(Records to use)

(* For integers $m,n\ge 0$ let $p_m(n)=\prod_{1\le i\le j\le m-1}\frac{2n+i+j}{i+j}$. Then $p_m(0)=1$ and $p_m(1)=C_m$ for all $m\ge 0$, and for all $m\ge 0$, $n\ge 2$, $$p_m(n-1)p_{m+2}(n-1)-p_{m+1}(n-1)^2=p_m(n)\,p_{m+2}(n-2).$$ Moreover, these numbers are uniquely determined by this recursion and these initial values: if $(q_m(n))_{m,n\ge 0}$ is any family of complex numbers with $q_m(0)=1$, $q_m(1)=C_m$ for all $m\ge0$ and $q_m(n-1)q_{m+2}(n-1)-q_{m+1}(n-1)^2=q_m(n)\,q_{m+2}(n-2)$ for all $m\ge 0$, $n\ge 2$, then $q_m(n)=p_m(n)$ for all $m,n\ge 0$.
   Context: $C_m=\frac{1}{m+1}\binom{2m}{m}$ denotes the $m$-th Catalan number. Empty products equal $1$. It is known that $p_m(n)=\det(C_{m+i+j})_{i,j=0}^{n-1}$ for all integers $m,n\ge 0$. *)

theory Defs
  imports Complex_Main
begin

definition catalan :: "nat \<Rightarrow> complex" where
  "catalan m = of_nat ((2*m) choose m) / of_nat (m+1)"

text \<open>p_m(n) = product over 1 <= i <= j <= m-1 of (2n+i+j)/(i+j).
  The condition j <= m-1 is written j+1 <= m to avoid truncated subtraction
  (for m = 0 the product is empty).\<close>
definition p :: "nat \<Rightarrow> nat \<Rightarrow> complex" where
  "p m n = (\<Prod>(i,j)\<in>{(i,j). 1 \<le> i \<and> i \<le> j \<and> j + 1 \<le> m}.
              of_nat (2*n + i + j) / of_nat (i + j))"

end

theory Submission
  imports Defs
begin

text \<open>Passing from column m to column m + 1 multiplies p by a quotient of two rising factorials.
  Hence p (m+1) n ^ 2 / (p m n * p (m+2) n) is an explicit rational function of m and n, and so,
  by induction on m, is p m (n+1) * p (m+2) (n-1) / (p m n * p (m+2) n).  With these two ratios the
  recurrence becomes the polynomial identity
  (2n+2m+1)(2n+2m+2) - 2(2n+m+1)(2m+1) = 2n(2n+1).
  Uniqueness holds because p never vanishes, so the recurrence determines row n from the rows
  n - 1 and n - 2.\<close>

lemma pochhammer_add_2:
  "pochhammer z (n + 2) = pochhammer z n * ((z + of_nat n) * (z + of_nat n + 1))"
  by (simp add: numeral_2_eq_2 pochhammer_Suc algebra_simps)

lemma pochhammer_shift_1:
  "pochhammer (z + 1) (Suc n) * z = pochhammer z n * ((z + of_nat n) * (z + of_nat n + 1))"
proof -
  have "pochhammer (z + 1) (Suc n) * z = pochhammer z (n + 2)"
    by (simp add: pochhammer_rec numeral_2_eq_2 mult.commute)
  then show ?thesis
    by (simp only: pochhammer_add_2)
qed

lemma pochhammer_shift_2:
  "pochhammer (z + 2) n * (z * (z + 1)) = pochhammer z n * ((z + of_nat n) * (z + of_nat n + 1))"
proof -
  have "pochhammer (z + 2) n * (z * (z + 1)) = z * ((z + 1) * pochhammer (z + 1 + 1) n)"
    by (simp add: add.assoc mult_ac)
  also have "\<dots> = pochhammer z (n + 2)"
    by (simp only: pochhammer_rec numeral_2_eq_2 add_Suc_right add_0_right)
  also have "\<dots> = pochhammer z n * ((z + of_nat n) * (z + of_nat n + 1))"
    by (rule pochhammer_add_2)
  finally show ?thesis .
qed

lemma pochhammer_of_nat_nonzero:
  "0 < k \<Longrightarrow> pochhammer (of_nat k) n \<noteq> (0 :: 'a :: {comm_semiring_1, semiring_char_0})"
  unfolding pochhammer_of_nat of_nat_eq_0_iff using pochhammer_pos[of k n] by simp

lemma central_binomial_Suc: "(2 * Suc m choose Suc m) * Suc m = 2 * (2*m + 1) * (2*m choose m)"
proof -
  have "(2 * Suc m choose Suc m) * Suc m = 2 * Suc m * (Suc (2*m) choose m)"
    using Suc_times_binomial_eq[of "Suc (2*m)" m] by simp
  also have "Suc (2*m) choose m = Suc (2*m) choose Suc m"
    using binomial_symmetric[of m "Suc (2*m)"] by (simp add: Suc_diff_le)
  also have "2 * Suc m * (Suc (2*m) choose Suc m) = 2 * ((Suc (2*m) choose Suc m) * Suc m)"
    by simp
  also have "(Suc (2*m) choose Suc m) * Suc m = Suc (2*m) * (2*m choose m)"
    using Suc_times_binomial_eq[of "2*m" m] by simp
  finally show ?thesis by simp
qed

lemma catalan_Suc: "catalan (Suc m) * of_nat (m + 2) = catalan m * of_nat (2 * (2*m + 1))"
proof -
  have "catalan (Suc m) * of_nat (m + 2) = of_nat (2 * Suc m choose Suc m)"
    unfolding catalan_def by (simp del: of_nat_Suc of_nat_add)
  also have "\<dots> = catalan m * of_nat (2 * (2*m + 1))"
  proof -
    have "of_nat (2 * Suc m choose Suc m) * of_nat (Suc m)
        = of_nat (2*m choose m) * (of_nat (2 * (2*m + 1)) :: complex)"
      using arg_cong[OF central_binomial_Suc[of m], of "of_nat :: nat \<Rightarrow> complex"]
      by (simp only: of_nat_mult mult_ac)
    also have "\<dots> = catalan m * of_nat (2 * (2*m + 1)) * of_nat (Suc m)"
      unfolding catalan_def by (simp del: of_nat_Suc of_nat_add of_nat_mult)
    finally show ?thesis
      by (metis mult_cancel_right of_nat_eq_0_iff nat.distinct(1))
  qed
  finally show ?thesis .
qed

lemma p_zero_left: "p 0 n = 1"
  by (simp add: p_def)

lemma p_zero_right: "p m 0 = 1"
  unfolding p_def by (rule prod.neutral) (auto simp del: of_nat_add)

lemma p_nonzero: "p m n \<noteq> 0"
proof -
  have "finite {(i, j). 1 \<le> i \<and> i \<le> j \<and> j + 1 \<le> m}"
    by (rule finite_subset[of _ "{..m} \<times> {..m}"]) auto
  moreover have "of_nat (2*n + i + j) / of_nat (i + j) \<noteq> (0::complex)" if "1 \<le> i" for i j
    using that by (simp only: divide_eq_0_iff of_nat_eq_0_iff) simp
  ultimately show ?thesis
    unfolding p_def
    by (auto simp only: prod_zero_iff case_prod_beta mem_Collect_eq fst_conv snd_conv)
qed

lemma p_Suc_left:
  "p (Suc m) n = p m n * pochhammer (of_nat (2*n + m + 1)) m / pochhammer (of_nat (m + 1)) m"
proof -
  let ?S = "\<lambda>m. {(i, j). 1 \<le> i \<and> i \<le> j \<and> j + 1 \<le> (m::nat)}"
  let ?f = "\<lambda>(i, j). (of_nat (2*n + i + j) / of_nat (i + j) :: complex)"
  have split: "?S (Suc m) = ?S m \<union> (\<lambda>i. (i, m)) ` {1..m}"
    by (auto simp: image_iff)
  have "finite (?S m)"
    by (rule finite_subset[of _ "{..m} \<times> {..m}"]) auto
  then have "p (Suc m) n = p m n * prod ?f ((\<lambda>i. (i, m)) ` {1..m})"
    unfolding p_def split by (rule prod.union_disjoint) auto
  also have "prod ?f ((\<lambda>i. (i, m)) ` {1..m})
      = (\<Prod>i<m. of_nat (2*n + m + 1 + i) / of_nat (m + 1 + i))"
    by (subst prod.reindex) (auto simp: inj_on_def prod.atLeast1_atMost_eq add_ac)
  also have "\<dots> = pochhammer (of_nat (2*n + m + 1)) m / pochhammer (of_nat (m + 1)) m"
    by (simp add: pochhammer_prod prod_dividef atLeast0LessThan add_ac)
  finally show ?thesis by simp
qed

lemma p_one_right: "p m 1 = catalan m"
proof (induction m)
  case 0
  then show ?case by (simp add: p_zero_left catalan_def)
next
  case (Suc m)
  have "p (Suc m) 1
      = catalan m * (pochhammer (of_nat (m + 3)) m / pochhammer (of_nat (m + 1)) m)"
    using Suc by (simp add: p_Suc_left add_ac)
  also have "pochhammer (of_nat (m + 3)) m / pochhammer (of_nat (m + 1)) m
      = of_nat (2 * (2*m + 1)) / (of_nat (m + 2) :: complex)"
  proof -
    have "pochhammer (of_nat (m + 3)) m * (of_nat (m + 1) * of_nat (m + 2))
        = pochhammer (of_nat (m + 1)) m * (of_nat (2 * (2*m + 1)) * (of_nat (m + 1) :: complex))"
      using pochhammer_shift_2[of "of_nat (m + 1) :: complex" m] by (simp add: algebra_simps)
    then show ?thesis
      using pochhammer_of_nat_nonzero[of "m + 1" m]
      by (simp add: field_simps del: of_nat_add of_nat_Suc of_nat_mult)
  qed
  also have "catalan m * (of_nat (2 * (2*m + 1)) / of_nat (m + 2)) = catalan (Suc m)"
    using catalan_Suc[of m] by (simp add: field_simps del: of_nat_add of_nat_Suc of_nat_mult)
  finally show ?case .
qed

lemma p_Suc_left_mult:
  "p (Suc m) n * pochhammer (of_nat (m + 1)) m = p m n * pochhammer (of_nat (2*n + m + 1)) m"
  using pochhammer_of_nat_nonzero[of "m + 1" m, where 'a = complex] by (simp add: p_Suc_left)

lemma p_Suc_square:
  "p (Suc m) n ^ 2
      * ((2 * of_nat n + 2 * of_nat m + 1) * (2 * of_nat n + 2 * of_nat m + 2) * (of_nat m + 1))
   = p m n * p (Suc (Suc m)) n
      * ((2 * of_nat n + of_nat m + 1) * (2 * of_nat m + 1) * (2 * of_nat m + 2))"
proof -
  define A B A' B' where "A = pochhammer (of_nat (2*n + m + 1) :: complex) m"
    and "B = pochhammer (of_nat (m + 1) :: complex) m"
    and "A' = pochhammer (of_nat (2*n + m + 2) :: complex) (Suc m)"
    and "B' = pochhammer (of_nat (m + 2) :: complex) (Suc m)"
  have e1: "p (Suc m) n * B = p m n * A"
    unfolding A_def B_def by (rule p_Suc_left_mult)
  have e2: "p (Suc (Suc m)) n * B' = p (Suc m) n * A'"
    unfolding A'_def B'_def using p_Suc_left_mult[of "Suc m" n] by (simp add: add_ac)
  have e3: "A' * (2 * of_nat n + of_nat m + 1)
      = A * ((2 * of_nat n + 2 * of_nat m + 1) * (2 * of_nat n + 2 * of_nat m + 2))"
    unfolding A_def A'_def using pochhammer_shift_1[of "of_nat (2*n + m + 1) :: complex" m]
    by (simp add: algebra_simps)
  have e4: "B' * (of_nat m + 1) = B * ((2 * of_nat m + 1) * (2 * of_nat m + 2))"
    unfolding B_def B'_def using pochhammer_shift_1[of "of_nat (m + 1) :: complex" m]
    by (simp add: algebra_simps)
  have "A * B * B' \<noteq> 0"
    unfolding A_def B_def B'_def
    by (intro no_zero_divisors pochhammer_of_nat_nonzero) simp_all
  moreover have "(p (Suc m) n ^ 2
        * ((2 * of_nat n + 2 * of_nat m + 1) * (2 * of_nat n + 2 * of_nat m + 2) * (of_nat m + 1))
      - p m n * p (Suc (Suc m)) n
        * ((2 * of_nat n + of_nat m + 1) * (2 * of_nat m + 1) * (2 * of_nat m + 2)))
      * (A * B * B') = 0"
    using e1 e2 e3 e4 by algebra
  ultimately show ?thesis
    by simp
qed

lemma p_two_left: "p 2 n = of_nat n + 1"
  by (simp add: numeral_2_eq_2 p_Suc_left p_zero_left)

lemma p_shift_diagonal:
  "p m (n + 2) * p (m + 2) n * ((2 * of_nat n + 2 * of_nat m + 3) * (2 * of_nat n + 2 * of_nat m + 4))
   = p m (n + 1) * p (m + 2) (n + 1) * ((2 * of_nat n + 2) * (2 * of_nat n + 3))"
proof (induction m)
  case 0
  show ?case
    unfolding add_0 p_zero_left p_two_left by (simp add: algebra_simps)
next
  case (Suc m)
  define B B' where "B = pochhammer (of_nat (m + 1) :: complex) m"
    and "B' = pochhammer (of_nat (m + 3) :: complex) (m + 2)"
  define A1 A2 A3 A4 where "A1 = pochhammer (of_nat (2*n + m + 5) :: complex) m"
    and "A2 = pochhammer (of_nat (2*n + m + 3) :: complex) (m + 2)"
    and "A3 = pochhammer (of_nat (2*n + m + 3) :: complex) m"
    and "A4 = pochhammer (of_nat (2*n + m + 5) :: complex) (m + 2)"
  have a: "p (Suc m) (n + 2) * B = p m (n + 2) * A1"
    unfolding A1_def B_def using p_Suc_left_mult[of m "n + 2"] by (simp add: add_ac)
  have b: "p (Suc m + 2) n * B' = p (m + 2) n * A2"
    unfolding A2_def B'_def using p_Suc_left_mult[of "m + 2" n] by (simp add: add_ac)
  have c: "p (Suc m) (n + 1) * B = p m (n + 1) * A3"
    unfolding A3_def B_def using p_Suc_left_mult[of m "n + 1"] by (simp add: add_ac)
  have d: "p (Suc m + 2) (n + 1) * B' = p (m + 2) (n + 1) * A4"
    unfolding A4_def B'_def using p_Suc_left_mult[of "m + 2" "n + 1"] by (simp add: add_ac)
  have r2: "A2 = A3 * ((2 * of_nat n + 2 * of_nat m + 3) * (2 * of_nat n + 2 * of_nat m + 4))"
    unfolding A2_def A3_def pochhammer_add_2 by (simp add: algebra_simps)
  have r4: "A4 = A1 * ((2 * of_nat n + 2 * of_nat m + 5) * (2 * of_nat n + 2 * of_nat m + 6))"
    unfolding A4_def A1_def pochhammer_add_2 by (simp add: algebra_simps)
  have nz: "B * B' \<noteq> 0"
    unfolding B_def B'_def
    by (intro no_zero_divisors pochhammer_of_nat_nonzero) simp_all
  have "p (Suc m) (n + 2) * p (Suc m + 2) n
        * ((2 * of_nat n + 2 * of_nat (Suc m) + 3) * (2 * of_nat n + 2 * of_nat (Suc m) + 4)) * (B * B')
      = (p (Suc m) (n + 2) * B) * (p (Suc m + 2) n * B')
        * ((2 * of_nat n + 2 * of_nat m + 5) * (2 * of_nat n + 2 * of_nat m + 6))"
    by (simp add: algebra_simps)
  also have "\<dots> = p m (n + 2) * p (m + 2) n
        * ((2 * of_nat n + 2 * of_nat m + 3) * (2 * of_nat n + 2 * of_nat m + 4))
        * (A1 * A3 * ((2 * of_nat n + 2 * of_nat m + 5) * (2 * of_nat n + 2 * of_nat m + 6)))"
    unfolding a b r2 by (simp only: mult_ac)
  also have "\<dots> = p m (n + 1) * p (m + 2) (n + 1) * ((2 * of_nat n + 2) * (2 * of_nat n + 3))
        * (A1 * A3 * ((2 * of_nat n + 2 * of_nat m + 5) * (2 * of_nat n + 2 * of_nat m + 6)))"
    unfolding Suc.IH ..
  also have "\<dots> = (p (Suc m) (n + 1) * B) * (p (Suc m + 2) (n + 1) * B')
        * ((2 * of_nat n + 2) * (2 * of_nat n + 3))"
    unfolding c d r4 by (simp only: mult_ac)
  finally show ?case
    using nz by (simp add: mult_ac)
qed

lemma p_recurrence:
  "p m (n + 1) * p (m + 2) (n + 1) - p (m + 1) (n + 1) ^ 2 = p m (n + 2) * p (m + 2) n"
proof -
  have square: "p (m + 1) (n + 1) ^ 2
        * ((2 * of_nat n + 2 * of_nat m + 3) * (2 * of_nat n + 2 * of_nat m + 4) * (of_nat m + 1))
      = p m (n + 1) * p (m + 2) (n + 1)
        * ((2 * of_nat n + of_nat m + 3) * (2 * of_nat m + 1) * (2 * of_nat m + 2))"
    using p_Suc_square[of m "n + 1"] by (simp add: algebra_simps)
  have "of_nat ((2*n + 2*m + 3) * (2*n + 2*m + 4) * (m + 1)) \<noteq> (0 :: complex)"
    by (simp only: of_nat_eq_0_iff) simp
  then have nz: "(2 * of_nat n + 2 * of_nat m + 3) * (2 * of_nat n + 2 * of_nat m + 4) * (of_nat m + 1)
      \<noteq> (0 :: complex)"
    by (simp add: algebra_simps)
  have "(p m (n + 1) * p (m + 2) (n + 1) - p (m + 1) (n + 1) ^ 2 - p m (n + 2) * p (m + 2) n)
      * ((2 * of_nat n + 2 * of_nat m + 3) * (2 * of_nat n + 2 * of_nat m + 4) * (of_nat m + 1)) = 0"
    using square p_shift_diagonal[of m n] by algebra
  with nz show ?thesis
    by simp
qed

lemma p_unique:
  fixes q :: "nat \<Rightarrow> nat \<Rightarrow> complex"
  assumes "\<And>m. q m 0 = 1" and "\<And>m. q m 1 = catalan m"
    and recurrence: "\<And>m n. q m (n + 1) * q (m + 2) (n + 1) - q (m + 1) (n + 1) ^ 2
      = q m (n + 2) * q (m + 2) n"
  shows "q m n = p m n"
proof -
  have "\<forall>m. q m n = p m n \<and> q m (n + 1) = p m (n + 1)"
  proof (induction n)
    case 0
    then show ?case
      using assms(1,2) p_zero_right p_one_right by simp
  next
    case (Suc n)
    have "q m (n + 2) = p m (n + 2)" for m
    proof -
      have "q m (n + 2) * p (m + 2) n = q m (n + 1) * q (m + 2) (n + 1) - q (m + 1) (n + 1) ^ 2"
        using recurrence[of m n] Suc.IH by simp
      also have "\<dots> = p m (n + 1) * p (m + 2) (n + 1) - p (m + 1) (n + 1) ^ 2"
        using Suc.IH by simp
      also have "\<dots> = p m (n + 2) * p (m + 2) n"
        by (rule p_recurrence)
      finally have "q m (n + 2) * p (m + 2) n = p m (n + 2) * p (m + 2) n" .
      then show ?thesis
        using p_nonzero[of "m + 2" n] by simp
    qed
    with Suc.IH show ?case
      by simp
  qed
  then show ?thesis
    by blast
qed

theorem lemma2:
  shows "(\<forall>m. p m 0 = 1) \<and> (\<forall>m. p m 1 = catalan m)
    \<and> (\<forall>m n. 2 \<le> n \<longrightarrow>
          p m (n-1) * p (m+2) (n-1) - p (m+1) (n-1) ^ 2 = p m n * p (m+2) (n-2))
    \<and> (\<forall>q :: nat \<Rightarrow> nat \<Rightarrow> complex.
          (\<forall>m. q m 0 = 1) \<and> (\<forall>m. q m 1 = catalan m)
          \<and> (\<forall>m n. 2 \<le> n \<longrightarrow>
               q m (n-1) * q (m+2) (n-1) - q (m+1) (n-1) ^ 2 = q m n * q (m+2) (n-2))
          \<longrightarrow> (\<forall>m n. q m n = p m n))"
proof (intro conjI allI impI)
  fix m n :: nat
  assume "2 \<le> n"
  then obtain k where "n = k + 2"
    by (metis add.commute le_Suc_ex)
  then show "p m (n-1) * p (m+2) (n-1) - p (m+1) (n-1) ^ 2 = p m n * p (m+2) (n-2)"
    using p_recurrence[of m k] by simp
next
  fix q :: "nat \<Rightarrow> nat \<Rightarrow> complex" and m n
  assume q: "(\<forall>m. q m 0 = 1) \<and> (\<forall>m. q m 1 = catalan m)
    \<and> (\<forall>m n. 2 \<le> n \<longrightarrow> q m (n-1) * q (m+2) (n-1) - q (m+1) (n-1) ^ 2 = q m n * q (m+2) (n-2))"
  then have "\<And>m. q m 0 = 1" and "\<And>m. q m 1 = catalan m"
    by blast+
  moreover have "q j (k + 1) * q (j + 2) (k + 1) - q (j + 1) (k + 1) ^ 2 = q j (k + 2) * q (j + 2) k"
    for j k
    using q[THEN conjunct2, THEN conjunct2, rule_format, of "k + 2" j] by simp
  ultimately show "q m n = p m n"
    by (rule p_unique)
qed (simp_all only: p_zero_right p_one_right)

end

(End Records to use)

• **Task item**:
What lines in the records above include the string "open"? Copy each one.

• **Exercise output**:
text \<open>p_m(n) = product over 1 <= i <= j <= m-1 of (2n+i+j)/(i+j).
text \<open>Passing from column m to column m + 1 multiplies p by a quotient of two rising factorials.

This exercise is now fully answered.